Thus, in order to allow this flexibility, we decide giving (a) and (b) as a
common infrastructure, but use per-driver guidelines in order to do that
parsing and uobject management. Handlers are also set by the drivers
themselves (though they can point to either shared common code) or
driver specific code.

Since types are no longer enforced by the common infrastructure, there is no
point of pre-allocating common IDR types in the common code. Instead, we
provide an API for driver to add new types. We use one IDR per driver
for all its types. The driver declared all its supported types, their
free function and release order. After that, all uboject, exclusive access
and types are handled automatically for the driver by the infrastructure.

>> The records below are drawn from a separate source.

definition mat_inverse :: "nat \<Rightarrow> (nat \<Rightarrow> nat \<Rightarrow> 'a::ring_1) \<Rightarrow> nat \<Rightarrow> nat \<Rightarrow> 'a" where
  "mat_inverse n A = (SOME B. is_inverse_mat n A B)"

text \<open>moment_matrix m n is Lambda_(n-1) = (m_(i-j))_(i,j=0..n-1), an n x n matrix.\<close>
definition moment_matrix :: "(int \<Rightarrow> 'a::ring_1) \<Rightarrow> nat \<Rightarrow> nat \<Rightarrow> nat \<Rightarrow> 'a" where
  "moment_matrix m n = (\<lambda>i j. m (int i - int j))"

text \<open>theta_n Lambda_(n-1)^(-1) v^T, where theta_n = (m_n, ..., m_1), i.e. entry k is m_(n-k).\<close>
definition theta_quad :: "(int \<Rightarrow> 'a::ring_1) \<Rightarrow> nat \<Rightarrow> (nat \<Rightarrow> 'a) \<Rightarrow> 'a" where
  "theta_quad m n v = (\<Sum>i<n. \<Sum>j<n. m (int n - int i) * mat_inverse n (moment_matrix m n) i j * v j)"

definition Hn :: "(int \<Rightarrow> 'a::ring_1) \<Rightarrow> nat \<Rightarrow> 'a" where
  "Hn m n = m 0 - theta_quad m n (\<lambda>j. m (int j - int n))"

definition taun :: "(int \<Rightarrow> 'a::ring_1) \<Rightarrow> nat \<Rightarrow> 'a" where
  "taun m n = m (int n + 1) - theta_quad m n (\<lambda>j. m (int j + 1))"

definition an :: "(int \<Rightarrow> 'a::division_ring) \<Rightarrow> nat \<Rightarrow> 'a" where
  "an m n = (if n = 0 then 0 else - (taun m n * inverse (taun m (n - 1))))"

text \<open>b_n = a_n H_(n-1) H_n^(-1) for n >= 1; b_0 = m_1 m_0^(-1) is forced by the recurrence
  lambda P_0 = P_1 + b_0 P_0 with P_(-1) = 0.\<close>
definition bn :: "(int \<Rightarrow> 'a::division_ring) \<Rightarrow> nat \<Rightarrow> 'a" where
  "bn m n = (if n = 0 then m 1 * inverse (m 0) else an m n * Hn m (n - 1) * inverse (Hn m n))"

end

theory Submission
  imports Defs
begin
text \<open>Two first-return loops at the same vertex commute, and each passes through that vertex
  only once, so they are equal.\<close>

lemma first_return_loops_eq:
  assumes gk: "gk_dim src tgt < \<infinity>" and same: "src (\<beta> t) = src (\<beta> s)"
    and returns: "\<exists>k>s. src (\<beta> k) = src (\<beta> s)" "\<exists>k>t. src (\<beta> k) = src (\<beta> t)"
  shows "map \<beta> [t..<next_visit t] = map \<beta> [s..<next_visit s]"
proof (rule commuting_words_eq)
  show "map \<beta> [t..<next_visit t] @ map \<beta> [s..<next_visit s] =
      map \<beta> [s..<next_visit s] @ map \<beta> [t..<next_visit t]"
    using closed_path_walk[of s "next_visit s"] closed_path_walk[of t "next_visit t"]
      next_visit[OF returns(1)] next_visit[OF returns(2)] same
    by (intro closed_paths_commute[OF gk, of "src (\<beta> s)"]) auto
  show "length (filter (\<lambda>a. src a = src (\<beta> s)) (map \<beta> [s..<next_visit s])) = 1"
    using next_visit[OF returns(1)] by (intro length_filter_first_return) auto
  show "length (filter (\<lambda>a. src a = src (\<beta> s)) (map \<beta> [t..<next_visit t])) = 1"
    using next_visit[OF returns(2)] same by (intro length_filter_first_return[of t, simplified same]) auto
qed
lemma shift_image_atLeastAtMost:
  assumes "p \<le> n"
  shows "shift p ` {1..n} = {1..Suc n} - {Suc p}"
proof -
  have "shift p ` {1..n} = shift p ` (shift p -` {1..Suc n})"
    using vimage_shift_atLeastAtMost[OF assms] by simp
  also have "\<dots> = {1..Suc n} \<inter> range (shift p)"
    by (rule image_vimage_eq)
  finally show ?thesis by (auto simp: range_shift)
qed

lemma shift_image_atMost: "shift p ` (A \<inter> {..p}) = A \<inter> {..p}"
  by (auto simp: image_iff)

lemma sorted_list_of_set_image:
  assumes "finite A" "strict_mono_on A f"
  shows "sorted_list_of_set (f ` A) = map f (sorted_list_of_set A)"
proof (rule strict_sorted_equal)
  have "sorted_wrt (\<lambda>x y. f x < f y) (sorted_list_of_set A)"
    using sorted_wrt_mono_rel[OF _ strict_sorted_list_of_set[of A]] assms
    by (metis (no_types, lifting) set_sorted_list_of_set strict_mono_onD)
  then show "sorted_wrt (<) (map f (sorted_list_of_set A))"
    by (simp add: sorted_wrt_map)
qed (use assms in auto)

text \<open>\<open>del_leg w p\<close> and \<open>del_leg_part p \<pi>\<close> delete leg \<open>Suc p\<close>, which is list index \<open>p\<close>,
  and renumber the legs behind it.\<close>

definition del_leg :: "'a list \<Rightarrow> nat \<Rightarrow> 'a list" where
  "del_leg w p = take p w @ drop (Suc p) w"

definition del_leg_part :: "nat \<Rightarrow> nat set set \<Rightarrow> nat set set" where
  "del_leg_part p \<pi> = (\<lambda>B. shift p -` B) ` \<pi>"

lemma length_del_leg [simp]: "p < length w \<Longrightarrow> length (del_leg w p) = length w - 1"
  unfolding del_leg_def by simp

lemma face_del_leg: "p < length w \<Longrightarrow> 1 \<le> x \<Longrightarrow> face (del_leg w p) x = face w (shift p x)"
  unfolding face_def del_leg_def shift_def by (auto simp: nth_append min_def)

lemma same_block_del_leg_part:
  "same_block (del_leg_part p \<pi>) x y \<longleftrightarrow> same_block \<pi> (shift p x) (shift p y)"
  unfolding same_block_def del_leg_part_def by auto
(* Let $\mathsf{A}\subset GL_2(\mathbb{R})$ be such that $\mathsf{A}$ has an invariant unstable multicone $\mathcal{C}$ and $\mathcal{S}(\mathsf{A})$ does not contain parabolic elements. Let $\mathsf{A}_e$ be the collection of all conformal elements of $\mathsf{A}$. Then $A_1F_1\cdots A_nF_n\mathcal{C}\subset\mathcal{C}^o$ for all $n\ge(\#\partial\mathcal{C})^2+1$, all $A_1,\ldots,A_n\in\mathsf{A}\setminus\mathsf{A}_e$, and all $F_1,\ldots,F_n\in\mathcal{F}(\mathsf{A})$.
   Context: $\mathcal{S}(\mathsf{B})$ denotes the semigroup of finite products of elements of $\mathsf{B}$, and $\mathcal{F}(\mathsf{A})=\mathcal{S}(\{|\det A|^{-1/2}A: A\in\mathsf{A}_e\})$. A matrix is conformal if its two eigenvalues have equal absolute value; parabolic if it has only one eigenspace; proximal if it has real eigenvalues of distinct absolute value, with $u(A)$, $s(A)$ the eigenspaces for the eigenvalue of larger/smaller absolute value. $\mathbb{RP}^1$ is the real projective line; a multicone is a proper subset of $\mathbb{RP}^1$ that is a finite union of closed projective intervals; $\mathcal{C}^o$ is its interior and $\partial\mathcal{C}$ its boundary; invariant means $A\mathcal{C}\subset\mathcal{C}$ for all $A\in\mathsf{A}$. $X_u(\mathsf{A})=\overline{\{u(A):A\in\mathcal{S}(\mathsf{A})\text{ proximal}\}}$, $X_s(\mathsf{A})=\overline{\{s(A):A\in\mathcal{S}(\mathsf{A})\text{ proximal}\}}$. A multicone $\mathcal{C}$ is an unstable multicone for $\mathsf{A}$ if $\mathcal{S}(\mathsf{A})$ contains a proximal element, $\mathcal{C}\cap X_s(\mathsf{A})=\emptyset$, $\partial\mathcal{C}\cap X_u(\mathsf{A})=\emptyset$, and each connected component of $\mathcal{C}$ meets $X_u(\mathsf{A})$. *)

theory Defs
  imports "HOL-Analysis.Analysis"
begin

text \<open>Real 2x2 matrices are elements of type real^2^2.  The real projective
line RP^1 is modelled by angle coordinates: the angle theta (a real number) stands for
the line spanned by dir theta = (cos theta, sin theta); theta and theta + k pi represent
the same point.  Subsets of RP^1 are modelled by their (pi-periodic) preimages in the
reals; the quotient map is a local homeomorphism, so interior, boundary, closure and
(for proper subsets) connected components are computed in the reals.\<close>

definition dir :: "real \<Rightarrow> real^2" where
  "dir \<theta> = vector [cos \<theta>, sin \<theta>]"
(* Let $d\ge3$ and let $G$ be a $d$-map endowed with a $d$-GS arc labeling. Then for every inner face $f$ of $G$, the $f$-clockwise jumps are all non-zero and they sum to $d$.
   Context: A plane map is a connected graph (loops, multiple edges allowed) embedded in the plane without crossings, up to deformation; outer (unbounded) face, inner faces; outer vertices/edges lie on the outer face; $\deg(f)$ = number of corners of face $f$. For $d\ge3$, a $d$-map has inner faces of degree $\le d$ and outer face of degree $d$ bounded by a simple cycle, with outer vertices $v_1,\dots,v_d$ clockwise (indices mod $d$). An arc is a directed edge; $-a$ its opposite. An arc labeling assigns a label in $[d]$ to every inner arc and label $i$ to the outer arc $(v_i,v_{i+1})$ for each $i\in[d]$. Label jump from label $i$ to $i'$: the $\delta\in\{0,\dots,d-1\}$ with $i+\delta\equiv i'\pmod d$. For an inner vertex $v$, a $v$-clockwise jump is the jump from an arc with initial vertex $v$ to the next such arc in clockwise order around $v$. For an inner face $f$, consider the arcs incident to $f$ having $f$ on their right; an $f$-clockwise jump is the jump from such an arc to the next one in clockwise order around $f$. A $d$-GS arc labeling is an arc labeling such that: (AL0) for all $i$, every inner arc with initial vertex $v_i$ has label $i$; (AL1) for every inner vertex $v$, the $v$-clockwise jumps sum to $d$; (AL2) for two consecutive arcs $a,a'$ in clockwise order around an inner vertex $v$ (both with initial vertex $v$), the jump from $a$ to $a'$ is at most $d-\deg(f)$, where $f$ is the face containing the corner between $a$ and $a'$; (AL3) for opposite inner arcs $a,-a$, the jump from the label of $a$ to the label of $-a$ equals $d+1-\deg(f)$, where $f$ is the face on the right of $a$. *)

theory Defs
  imports Main
begin

text \<open>Plane maps as combinatorial maps (rotation systems) on a finite set D of arcs (darts).
  \<alpha> a is the opposite arc -a; \<sigma> a is the next arc after a in clockwise order around its
  initial vertex. Vertices = \<sigma>-orbits, edges = \<alpha>-orbits, faces = orbits of
  face_succ, which maps an arc a to the next arc (clockwise around the face) having
  the same face on its right. Planarity = connectivity + Euler's formula V - E + F = 2.\<close>

definition orb :: "('a \<Rightarrow> 'a) \<Rightarrow> 'a \<Rightarrow> 'a set" where
  "orb f a = range (\<lambda>n. (f ^^ n) a)"

definition face_succ :: "'a set \<Rightarrow> ('a \<Rightarrow> 'a) \<Rightarrow> ('a \<Rightarrow> 'a) \<Rightarrow> 'a \<Rightarrow> 'a" where
  "face_succ D \<alpha> \<sigma> a = inv_into D \<sigma> (\<alpha> a)"

definition plane_map :: "'a set \<Rightarrow> ('a \<Rightarrow> 'a) \<Rightarrow> ('a \<Rightarrow> 'a) \<Rightarrow> bool" where
  "plane_map D \<alpha> \<sigma> \<longleftrightarrow>
     finite D \<and> D \<noteq> {} \<and> bij_betw \<sigma> D D \<and>
     (\<forall>a\<in>D. \<alpha> a \<in> D \<and> \<alpha> a \<noteq> a \<and> \<alpha> (\<alpha> a) = a) \<and>
     (\<forall>a\<in>D. \<forall>b\<in>D. (a, b) \<in> ({(x, \<sigma> x) | x. x \<in> D} \<union> {(x, \<alpha> x) | x. x \<in> D})\<^sup>*) \<and>
     int (card (orb \<sigma> ` D)) - int (card (orb \<alpha> ` D))
       + int (card (orb (face_succ D \<alpha> \<sigma>) ` D)) = 2"

text \<open>The arc oa is (v_1, v_d): the outer face is
  on the right of arcs (v_{i+1}, v_i).
  The outer face boundary is a simple cycle: its d arcs have pairwise distinct initial vertices.\<close>

definition d_map :: "'a set \<Rightarrow> ('a \<Rightarrow> 'a) \<Rightarrow> ('a \<Rightarrow> 'a) \<Rightarrow> nat \<Rightarrow> 'a \<Rightarrow> bool" where
  "d_map D \<alpha> \<sigma> d oa \<longleftrightarrow>
     plane_map D \<alpha> \<sigma> \<and> 3 \<le> d \<and> oa \<in> D \<and>
     card (orb (face_succ D \<alpha> \<sigma>) oa) = d \<and>
     inj_on (orb \<sigma>) (orb (face_succ D \<alpha> \<sigma>) oa) \<and>
     (\<forall>a\<in>D. a \<notin> orb (face_succ D \<alpha> \<sigma>) oa \<longrightarrow> card (orb (face_succ D \<alpha> \<sigma>) a) \<le> d)"

text \<open>Outer arc (v_i, v_{i+1}) for i in {1..d}.\<close>
definition outer_arc :: "'a set \<Rightarrow> ('a \<Rightarrow> 'a) \<Rightarrow> ('a \<Rightarrow> 'a) \<Rightarrow> nat \<Rightarrow> 'a \<Rightarrow> nat \<Rightarrow> 'a" where
  "outer_arc D \<alpha> \<sigma> d oa i = \<alpha> ((face_succ D \<alpha> \<sigma> ^^ (d - i)) oa)"

definition inner_arc :: "'a set \<Rightarrow> ('a \<Rightarrow> 'a) \<Rightarrow> ('a \<Rightarrow> 'a) \<Rightarrow> 'a \<Rightarrow> 'a \<Rightarrow> bool" where
  "inner_arc D \<alpha> \<sigma> oa a \<longleftrightarrow> a \<in> D \<and> a \<notin> orb (face_succ D \<alpha> \<sigma>) oa
      \<and> \<alpha> a \<notin> orb (face_succ D \<alpha> \<sigma>) oa"

text \<open>Inner vertex (represented by any arc with that initial vertex): no arc starting there
  lies on the outer face.\<close>
definition inner_vertex :: "'a set \<Rightarrow> ('a \<Rightarrow> 'a) \<Rightarrow> ('a \<Rightarrow> 'a) \<Rightarrow> 'a \<Rightarrow> 'a \<Rightarrow> bool" where
  "inner_vertex D \<alpha> \<sigma> oa a \<longleftrightarrow> a \<in> D \<and> orb \<sigma> a \<inter> orb (face_succ D \<alpha> \<sigma>) oa = {}"

definition jump :: "nat \<Rightarrow> nat \<Rightarrow> nat \<Rightarrow> nat" where
  "jump d i i' = (i' + d - i) mod d"

definition GS_labeling ::
  "'a set \<Rightarrow> ('a \<Rightarrow> 'a) \<Rightarrow> ('a \<Rightarrow> 'a) \<Rightarrow> nat \<Rightarrow> 'a \<Rightarrow> ('a \<Rightarrow> nat) \<Rightarrow> bool" where
  "GS_labeling D \<alpha> \<sigma> d oa lab \<longleftrightarrow>
     (\<forall>a. inner_arc D \<alpha> \<sigma> oa a \<longrightarrow> lab a \<in> {1..d}) \<and>
     (\<forall>i\<in>{1..d}. lab (outer_arc D \<alpha> \<sigma> d oa i) = i) \<and>
     \<comment> \<open>AL0\<close>
     (\<forall>i\<in>{1..d}. \<forall>a. inner_arc D \<alpha> \<sigma> oa a \<and> orb \<sigma> a = orb \<sigma> (outer_arc D \<alpha> \<sigma> d oa i)
         \<longrightarrow> lab a = i) \<and>
     \<comment> \<open>AL1\<close>
     (\<forall>a. inner_vertex D \<alpha> \<sigma> oa a \<longrightarrow> (\<Sum>b\<in>orb \<sigma> a. jump d (lab b) (lab (\<sigma> b))) = d) \<and>
     \<comment> \<open>AL2: the corner between a and \<sigma> a lies in the face on the right of a\<close>
     (\<forall>a. inner_vertex D \<alpha> \<sigma> oa a \<longrightarrow>
         jump d (lab a) (lab (\<sigma> a)) \<le> d - card (orb (face_succ D \<alpha> \<sigma>) a)) \<and>
     \<comment> \<open>AL3\<close>
     (\<forall>a. inner_arc D \<alpha> \<sigma> oa a \<longrightarrow>
         jump d (lab a) (lab (\<alpha> a)) = d + 1 - card (orb (face_succ D \<alpha> \<sigma>) a))"

end

theory Submission
  imports Defs
begin

text \<open>For an arc \<open>b\<close> on an inner face, the next arc \<open>\<phi> b\<close> of the face leaves the head of \<open>b\<close>,
  and \<open>\<sigma> (\<phi> b) = \<alpha> b\<close>. So the jump from \<open>b\<close> to \<open>\<phi> b\<close> is the jump from \<open>b\<close> to \<open>\<alpha> b\<close>,
  fixed by (AL3), minus the jump at the corner from \<open>\<phi> b\<close> to \<open>\<alpha> b\<close>, bounded by (AL2); this
  makes it positive. At the outer vertices (AL0) fixes all labels and the same identity holds
  with the corner term 0. Summing over all arcs of inner faces, (AL1) at the inner vertices,
  (AL3) on the inner edges and Euler's formula show that all face jumps together add up to
  \<open>d\<close> times the number of inner faces. Around a single face the jumps add up to a positive
  multiple of \<open>d\<close>, hence to at least \<open>d\<close>, so every face gets exactly \<open>d\<close>.\<close>

section \<open>Orbits of a permutation of a finite set\<close>

lemma self_in_orb: "a \<in> orb f a"
  unfolding orb_def by (metis funpow_0 rangeI)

Scatter gather was chosen in order to allow us not to recompile user space
drivers. By using pointers to driver specific data, we could just use it
without introduce copying data and without changing the user-space driver at
all.

We chose to go with non blocking lock user objects. When exclusive
(WRITE or DESTROY) access is required, we dispatch the action if and only if
no other action needs this object as well. Otherwise, -EBUSY is returned to
the user-space. Device removal is synced with SRCU as of today.
If we were using locks, we would have need to sort the given user-space handles.
Otherwise, a user-space application may result in causing a deadlock.
Moving to a non blocking lock based behaviour, the dispatching in kernel
becomes more efficient.

We implement a compatibility layer between the old write implementation and
the new IOCTL based implementation by:
(a) Create IOCTL header and attributes descriptors.
(b) The attribute descriptors are mapped straight to the user-space supplied
    buffers. We expect that every subset of consecutive fields in the old ABI
    could be directly mapped to an attribute in the new ABI.
(c) We pass the DS of the headers to the IOCTL processing command.
(d) The IOCTL processing command parses the headers. It then move to USER_DS
    handles the data and then returns to the original DS.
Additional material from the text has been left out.